_Problem details_
Which lines of the data contain the string "independent"? Copy every one.

** Source material follows **

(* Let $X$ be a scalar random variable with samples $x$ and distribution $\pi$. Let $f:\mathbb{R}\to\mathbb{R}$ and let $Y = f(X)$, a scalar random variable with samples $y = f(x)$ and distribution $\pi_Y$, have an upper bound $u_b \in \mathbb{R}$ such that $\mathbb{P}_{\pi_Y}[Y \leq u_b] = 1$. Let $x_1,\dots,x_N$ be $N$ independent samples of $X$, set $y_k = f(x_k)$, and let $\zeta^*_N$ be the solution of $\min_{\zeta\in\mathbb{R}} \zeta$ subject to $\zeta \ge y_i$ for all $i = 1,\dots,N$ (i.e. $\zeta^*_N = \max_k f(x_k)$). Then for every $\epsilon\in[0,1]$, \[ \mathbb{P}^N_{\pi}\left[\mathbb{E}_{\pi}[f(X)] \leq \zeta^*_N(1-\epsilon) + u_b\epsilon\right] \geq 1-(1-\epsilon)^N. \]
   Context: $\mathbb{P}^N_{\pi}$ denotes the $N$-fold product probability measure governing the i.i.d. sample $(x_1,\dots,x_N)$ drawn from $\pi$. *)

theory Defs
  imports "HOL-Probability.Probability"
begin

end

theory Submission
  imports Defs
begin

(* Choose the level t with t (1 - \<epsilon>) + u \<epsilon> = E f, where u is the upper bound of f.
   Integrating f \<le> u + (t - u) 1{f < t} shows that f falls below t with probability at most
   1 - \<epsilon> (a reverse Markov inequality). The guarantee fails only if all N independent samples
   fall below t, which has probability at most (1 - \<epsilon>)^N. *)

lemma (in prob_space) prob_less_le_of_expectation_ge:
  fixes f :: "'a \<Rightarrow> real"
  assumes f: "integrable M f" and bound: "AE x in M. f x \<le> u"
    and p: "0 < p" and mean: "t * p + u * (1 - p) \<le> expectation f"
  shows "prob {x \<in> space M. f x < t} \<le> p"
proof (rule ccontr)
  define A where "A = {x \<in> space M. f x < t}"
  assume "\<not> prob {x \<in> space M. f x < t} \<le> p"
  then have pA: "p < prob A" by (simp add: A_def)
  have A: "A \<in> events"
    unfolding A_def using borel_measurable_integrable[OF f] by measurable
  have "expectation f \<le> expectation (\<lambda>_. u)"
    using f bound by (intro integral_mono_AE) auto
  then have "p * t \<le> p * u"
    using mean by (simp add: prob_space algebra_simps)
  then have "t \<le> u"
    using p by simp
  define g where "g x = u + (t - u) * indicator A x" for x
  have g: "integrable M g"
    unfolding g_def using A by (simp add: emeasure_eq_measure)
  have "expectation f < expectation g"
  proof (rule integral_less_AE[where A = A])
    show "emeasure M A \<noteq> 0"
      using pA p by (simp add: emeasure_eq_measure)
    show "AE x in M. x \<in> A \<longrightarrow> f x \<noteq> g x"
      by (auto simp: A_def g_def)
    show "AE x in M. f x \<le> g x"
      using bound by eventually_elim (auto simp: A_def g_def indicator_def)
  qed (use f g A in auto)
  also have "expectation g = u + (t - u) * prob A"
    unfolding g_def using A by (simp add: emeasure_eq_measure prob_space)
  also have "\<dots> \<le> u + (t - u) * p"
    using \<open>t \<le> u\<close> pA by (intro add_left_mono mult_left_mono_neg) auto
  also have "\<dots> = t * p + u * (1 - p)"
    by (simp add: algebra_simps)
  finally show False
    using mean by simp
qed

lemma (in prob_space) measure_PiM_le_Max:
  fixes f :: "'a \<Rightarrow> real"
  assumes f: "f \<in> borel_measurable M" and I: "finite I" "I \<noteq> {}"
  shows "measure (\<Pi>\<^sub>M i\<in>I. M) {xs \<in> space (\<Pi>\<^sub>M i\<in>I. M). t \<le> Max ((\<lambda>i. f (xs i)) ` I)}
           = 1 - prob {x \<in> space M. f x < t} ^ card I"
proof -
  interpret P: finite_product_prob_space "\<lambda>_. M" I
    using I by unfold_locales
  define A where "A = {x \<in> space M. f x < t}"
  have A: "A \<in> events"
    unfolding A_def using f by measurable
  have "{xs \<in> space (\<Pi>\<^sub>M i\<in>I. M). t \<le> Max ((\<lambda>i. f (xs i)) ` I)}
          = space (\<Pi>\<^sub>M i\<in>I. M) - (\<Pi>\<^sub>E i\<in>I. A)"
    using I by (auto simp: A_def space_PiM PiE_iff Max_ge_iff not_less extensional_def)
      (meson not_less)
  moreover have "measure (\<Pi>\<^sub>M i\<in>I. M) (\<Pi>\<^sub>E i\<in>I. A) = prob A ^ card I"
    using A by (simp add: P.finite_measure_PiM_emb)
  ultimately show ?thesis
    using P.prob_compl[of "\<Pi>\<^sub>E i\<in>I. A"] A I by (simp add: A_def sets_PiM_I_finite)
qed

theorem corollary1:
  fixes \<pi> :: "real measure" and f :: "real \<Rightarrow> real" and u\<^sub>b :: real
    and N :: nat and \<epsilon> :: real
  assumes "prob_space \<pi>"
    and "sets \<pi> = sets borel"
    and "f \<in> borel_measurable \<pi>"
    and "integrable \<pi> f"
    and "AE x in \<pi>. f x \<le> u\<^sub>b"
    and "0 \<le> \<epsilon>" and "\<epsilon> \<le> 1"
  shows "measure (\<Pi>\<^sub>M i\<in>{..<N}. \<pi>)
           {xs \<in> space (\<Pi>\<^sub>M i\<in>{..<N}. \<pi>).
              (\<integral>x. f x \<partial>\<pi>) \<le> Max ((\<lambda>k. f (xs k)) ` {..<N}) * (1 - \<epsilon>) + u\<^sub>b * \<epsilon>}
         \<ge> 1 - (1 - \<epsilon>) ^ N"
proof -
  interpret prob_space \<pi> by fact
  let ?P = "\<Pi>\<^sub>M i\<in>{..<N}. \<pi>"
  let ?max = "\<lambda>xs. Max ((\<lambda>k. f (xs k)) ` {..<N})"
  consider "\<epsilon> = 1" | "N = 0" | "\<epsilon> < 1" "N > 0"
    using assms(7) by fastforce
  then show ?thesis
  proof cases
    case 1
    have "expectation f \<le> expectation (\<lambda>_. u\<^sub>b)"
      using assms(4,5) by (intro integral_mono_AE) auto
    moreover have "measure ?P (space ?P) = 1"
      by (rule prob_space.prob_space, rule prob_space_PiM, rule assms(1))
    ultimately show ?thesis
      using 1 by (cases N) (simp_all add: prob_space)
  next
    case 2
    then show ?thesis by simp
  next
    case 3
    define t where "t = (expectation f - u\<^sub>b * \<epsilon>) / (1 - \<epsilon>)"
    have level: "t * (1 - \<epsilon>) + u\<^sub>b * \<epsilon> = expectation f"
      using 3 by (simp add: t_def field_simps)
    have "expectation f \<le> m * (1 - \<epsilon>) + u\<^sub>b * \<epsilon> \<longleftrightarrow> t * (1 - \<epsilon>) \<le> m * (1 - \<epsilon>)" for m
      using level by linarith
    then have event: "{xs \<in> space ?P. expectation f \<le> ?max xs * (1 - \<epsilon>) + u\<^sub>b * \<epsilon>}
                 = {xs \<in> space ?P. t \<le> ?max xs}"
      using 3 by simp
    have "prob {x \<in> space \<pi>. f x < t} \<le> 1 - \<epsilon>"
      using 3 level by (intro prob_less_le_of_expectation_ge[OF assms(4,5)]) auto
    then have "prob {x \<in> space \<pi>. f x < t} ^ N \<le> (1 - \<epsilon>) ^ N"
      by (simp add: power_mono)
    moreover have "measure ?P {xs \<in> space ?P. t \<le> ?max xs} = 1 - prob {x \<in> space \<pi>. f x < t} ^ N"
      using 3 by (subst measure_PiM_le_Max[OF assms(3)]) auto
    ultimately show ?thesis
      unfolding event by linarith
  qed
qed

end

** End of Source material **

_Reply_
(* Let $X$ be a scalar random variable with samples $x$ and distribution $\pi$. Let $f:\mathbb{R}\to\mathbb{R}$ and let $Y = f(X)$, a scalar random variable with samples $y = f(x)$ and distribution $\pi_Y$, have an upper bound $u_b \in \mathbb{R}$ such that $\mathbb{P}_{\pi_Y}[Y \leq u_b] = 1$. Let $x_1,\dots,x_N$ be $N$ independent samples of $X$, set $y_k = f(x_k)$, and let $\zeta^*_N$ be the solution of $\min_{\zeta\in\mathbb{R}} \zeta$ subject to $\zeta \ge y_i$ for all $i = 1,\dots,N$ (i.e. $\zeta^*_N = \max_k f(x_k)$). Then for every $\epsilon\in[0,1]$, \[ \mathbb{P}^N_{\pi}\left[\mathbb{E}_{\pi}[f(X)] \leq \zeta^*_N(1-\epsilon) + u_b\epsilon\right] \geq 1-(1-\epsilon)^N. \]
   1 - \<epsilon> (a reverse Markov inequality). The guarantee fails only if all N independent samples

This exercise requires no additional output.